• _Problem to solve_
Restate word for word the lines of the records below, starting at the line that contains "by (simp add: openin_box)" and ending at the line that contains "(intro tail_antimono) simp", with both of those lines included and nothing else.

(Saved entries)
lemma openin_cut_space_contains_box:
  assumes "openin cut_space U" "S \<in> U"
  shows "\<exists>I. finite I \<and> box (I \<inter> \<Inter>S) (I - \<Inter>S) (I \<inter> \<Union>S) (I - \<Union>S) \<subseteq> U"
proof -
  obtain V where V: "openin (prod_topology cantor_cube cantor_cube) V" "U = cut_code -` V \<inter> cut_points"
    using assms(1) unfolding cut_space_def openin_pullback_topology by iprover
  have "((\<lambda>a. a \<in> \<Inter>S), (\<lambda>a. a \<in> \<Union>S)) \<in> V"
    using assms(2) unfolding V(2) by (simp add: cut_code_def)
  with V(1) obtain V1 V2 where V12: "openin cantor_cube V1" "openin cantor_cube V2"
      "(\<lambda>a. a \<in> \<Inter>S) \<in> V1" "(\<lambda>a. a \<in> \<Union>S) \<in> V2" "V1 \<times> V2 \<subseteq> V"
    unfolding openin_prod_topology_alt by iprover
  obtain I1 where I1: "finite I1" "\<forall>d. (\<forall>i\<in>I1. d i = (i \<in> \<Inter>S)) \<longrightarrow> d \<in> V1"
    using openin_cantor_cube_contains_cylinder[OF V12(1,3)] by iprover
  obtain I2 where I2: "finite I2" "\<forall>d. (\<forall>i\<in>I2. d i = (i \<in> \<Union>S)) \<longrightarrow> d \<in> V2"
    using openin_cantor_cube_contains_cylinder[OF V12(2,4)] by iprover
  let ?I = "I1 \<union> I2"
  have "box (?I \<inter> \<Inter>S) (?I - \<Inter>S) (?I \<inter> \<Union>S) (?I - \<Union>S) \<subseteq> U"
  proof
    fix R assume "R \<in> box (?I \<inter> \<Inter>S) (?I - \<Inter>S) (?I \<inter> \<Union>S) (?I - \<Union>S)"
    then have R: "R \<in> cut_points" "\<forall>i\<in>?I. (i \<in> \<Inter>R) = (i \<in> \<Inter>S)" "\<forall>i\<in>?I. (i \<in> \<Union>R) = (i \<in> \<Union>S)"
      unfolding box_def by (auto simp del: Inter_iff Union_iff)
    have "(\<lambda>a. a \<in> \<Inter>R) \<in> V1" by (rule I1(2)[rule_format]) (use R(2) in \<open>simp del: Inter_iff\<close>)
    moreover have "(\<lambda>a. a \<in> \<Union>R) \<in> V2" by (rule I2(2)[rule_format]) (use R(3) in \<open>simp del: Union_iff\<close>)
    ultimately have "cut_code R \<in> V1 \<times> V2" by (simp add: cut_code_def)
    with V12(5) have "cut_code R \<in> V" by (rule subsetD)
    then show "R \<in> U" unfolding V(2) using R(1) by simp
  qed
  then show ?thesis using finite_UnI[OF I1(1) I2(1)] by iprover
qed

section \<open>The top point\<close>

definition top_point :: "'k set set" where
  "top_point = {UNIV}"

abbreviation tail :: "'k \<Rightarrow> 'k set set set" where
  "tail \<alpha> \<equiv> box {\<alpha>} {} {} {}"

lemma mem_tail_iff: "S \<in> tail \<alpha> \<longleftrightarrow> S \<in> cut_points \<and> \<alpha> \<in> \<Inter>S"
  unfolding box_def by (simp del: Inter_iff)

lemma top_point_in_cut_points: "top_point \<in> cut_points"
  using doubleton_in_cut_points[of UNIV UNIV] unfolding top_point_def ofilter_def by simp

lemma Inter_Union_top_point [simp]: "\<Inter>top_point = UNIV" "\<Union>top_point = UNIV"
  unfolding top_point_def by simp_all

lemma top_point_in_tail: "top_point \<in> tail \<alpha>"
  unfolding mem_tail_iff using top_point_in_cut_points by simp

lemma under_point_in_tail_iff: "{under r a} \<in> tail \<alpha> \<longleftrightarrow> \<alpha> \<preceq> a"
proof -
  have "{under r a} \<in> cut_points"
    using doubleton_in_cut_points[OF order_refl ofilter_under_r] by simp
  then show ?thesis unfolding mem_tail_iff under_def by simp
qed

lemma tail_antimono:
  assumes "\<alpha> \<preceq> a" shows "tail a \<subseteq> tail \<alpha>"
proof
  fix S assume "S \<in> tail a"
  then have S: "S \<in> cut_points" "a \<in> \<Inter>S" by (simp_all add: mem_tail_iff)
  have "\<alpha> \<in> \<Inter>S" using ofilter_r_downward[OF cut_pointsD(1)[OF S(1)] S(2) assms] .
  then show "S \<in> tail \<alpha>" using S(1) by (simp add: mem_tail_iff)
qed

lemma openin_tail: "openin cut_space (tail \<alpha>)"
  by (simp add: openin_box)

lemma nbhd_top_point_contains_tail:
  assumes "openin cut_space U" "top_point \<in> U"
  shows "\<exists>\<alpha>. tail \<alpha> \<subseteq> U"
proof -
  obtain I where I: "finite I" "box (I \<inter> \<Inter>top_point) (I - \<Inter>top_point) (I \<inter> \<Union>top_point) (I - \<Union>top_point) \<subseteq> U"
    using openin_cut_space_contains_box[OF assms] by iprover
  obtain \<alpha> where \<alpha>: "\<forall>i\<in>I. i \<preceq> \<alpha>"
    using card_less_bounded[OF card_less_finite[OF I(1)]] by iprover
  have "tail \<alpha> \<subseteq> box I {} I {}"
  proof
    fix R assume "R \<in> tail \<alpha>"
    then have R: "R \<in> cut_points" "\<alpha> \<in> \<Inter>R" by (simp_all add: mem_tail_iff)
    have "i \<in> \<Inter>R" if "i \<in> I" for i
      using cut_pointsD(1)[OF R(1)] R(2) bspec[OF \<alpha> that] by (rule ofilter_r_downward)
    moreover have "i \<in> \<Union>R" if "i \<in> I" for i
      using cut_pointsD(2)[OF R(1)] calculation[OF that] by (rule subsetD)
    ultimately show "R \<in> box I {} I {}" unfolding box_def using R(1) by (simp del: Inter_iff Union_iff)
  qed
  moreover have "box I {} I {} \<subseteq> U" using I(2) by simp
  ultimately show ?thesis by (intro exI) (rule subset_trans)
qed

lemma Inter_nbhds_top_point_contains_tail:
  assumes "|\<A>| <o r" "\<And>W. W \<in> \<A> \<Longrightarrow> openin cut_space W \<and> top_point \<in> W"
  shows "\<exists>a. tail a \<subseteq> \<Inter>\<A>"
proof -
  have "\<forall>W\<in>\<A>. \<exists>\<alpha>. tail \<alpha> \<subseteq> W"
  proof
    fix W assume "W \<in> \<A>"
    then show "\<exists>\<alpha>. tail \<alpha> \<subseteq> W" using assms(2) nbhd_top_point_contains_tail by simp
  qed
  then obtain f where f: "\<forall>W\<in>\<A>. tail (f W) \<subseteq> W" by (rule bchoice[THEN exE])
  obtain a where a: "\<forall>b\<in>f ` \<A>. b \<preceq> a"
    using card_less_bounded[OF card_less_image[OF assms(1), of f]] by iprover
  have "tail a \<subseteq> W" if "W \<in> \<A>" for W
  proof -
    have "tail a \<subseteq> tail (f W)" using a that by (intro tail_antimono) simp
    then show ?thesis using bspec[OF f that] by (rule subset_trans)
  qed
  then have "tail a \<subseteq> \<Inter>\<A>" by (rule Inter_greatest)
  then show ?thesis by (rule exI)
qed

lemma P_point_top_point: "P_point (UNIV :: 'k set) cut_space top_point"
  unfolding P_point_def
proof (intro conjI allI impI)
  show "top_point \<in> topspace cut_space" using top_point_in_cut_points by simp
  fix \<A> :: "'k set set set set"
  assume \<A>: "|\<A>| <o |UNIV :: 'k set| \<and> (\<forall>N\<in>\<A>. top_point \<in> cut_space interior_of N)"
  let ?\<B> = "(\<lambda>N. cut_space interior_of N) ` \<A>"
  have "|\<A>| <o r" using \<A> unfolding r_def by (rule conjunct1)
  then have "|?\<B>| <o r" by (rule card_less_image)
  moreover have "openin cut_space W \<and> top_point \<in> W" if "W \<in> ?\<B>" for W
  proof -
    obtain N where "N \<in> \<A>" "W = cut_space interior_of N" using \<open>W \<in> ?\<B>\<close> by (rule imageE)
    then show ?thesis using \<A> by simp
  qed
  ultimately obtain a where a: "tail a \<subseteq> \<Inter>?\<B>"
    using Inter_nbhds_top_point_contains_tail by iprover
  have "\<Inter>?\<B> \<subseteq> \<Inter>\<A>"
  proof (rule Inter_greatest)
    fix N assume "N \<in> \<A>"
    then have "\<Inter>?\<B> \<subseteq> cut_space interior_of N" by (intro Inter_lower imageI)
    then show "\<Inter>?\<B> \<subseteq> N" using interior_of_subset by (rule subset_trans)
  qed
  with a have "tail a \<subseteq> cut_space interior_of \<Inter>\<A>"
    by (intro interior_of_maximal openin_tail) (rule subset_trans)
  with top_point_in_tail show "top_point \<in> cut_space interior_of \<Inter>\<A>" by (rule subsetD[rotated])
qed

• _Answer to this problem_
  by (simp add: openin_box)

lemma nbhd_top_point_contains_tail:
  assumes "openin cut_space U" "top_point \<in> U"
  shows "\<exists>\<alpha>. tail \<alpha> \<subseteq> U"
proof -
  obtain I where I: "finite I" "box (I \<inter> \<Inter>top_point) (I - \<Inter>top_point) (I \<inter> \<Union>top_point) (I - \<Union>top_point) \<subseteq> U"
    using openin_cut_space_contains_box[OF assms] by iprover
  obtain \<alpha> where \<alpha>: "\<forall>i\<in>I. i \<preceq> \<alpha>"
    using card_less_bounded[OF card_less_finite[OF I(1)]] by iprover
  have "tail \<alpha> \<subseteq> box I {} I {}"
  proof
    fix R assume "R \<in> tail \<alpha>"
    then have R: "R \<in> cut_points" "\<alpha> \<in> \<Inter>R" by (simp_all add: mem_tail_iff)
    have "i \<in> \<Inter>R" if "i \<in> I" for i
      using cut_pointsD(1)[OF R(1)] R(2) bspec[OF \<alpha> that] by (rule ofilter_r_downward)
    moreover have "i \<in> \<Union>R" if "i \<in> I" for i
      using cut_pointsD(2)[OF R(1)] calculation[OF that] by (rule subsetD)
    ultimately show "R \<in> box I {} I {}" unfolding box_def using R(1) by (simp del: Inter_iff Union_iff)
  qed
  moreover have "box I {} I {} \<subseteq> U" using I(2) by simp
  ultimately show ?thesis by (intro exI) (rule subset_trans)
qed

lemma Inter_nbhds_top_point_contains_tail:
  assumes "|\<A>| <o r" "\<And>W. W \<in> \<A> \<Longrightarrow> openin cut_space W \<and> top_point \<in> W"
  shows "\<exists>a. tail a \<subseteq> \<Inter>\<A>"
proof -
  have "\<forall>W\<in>\<A>. \<exists>\<alpha>. tail \<alpha> \<subseteq> W"
  proof
    fix W assume "W \<in> \<A>"
    then show "\<exists>\<alpha>. tail \<alpha> \<subseteq> W" using assms(2) nbhd_top_point_contains_tail by simp
  qed
  then obtain f where f: "\<forall>W\<in>\<A>. tail (f W) \<subseteq> W" by (rule bchoice[THEN exE])
  obtain a where a: "\<forall>b\<in>f ` \<A>. b \<preceq> a"
    using card_less_bounded[OF card_less_image[OF assms(1), of f]] by iprover
  have "tail a \<subseteq> W" if "W \<in> \<A>" for W
  proof -
    have "tail a \<subseteq> tail (f W)" using a that by (intro tail_antimono) simp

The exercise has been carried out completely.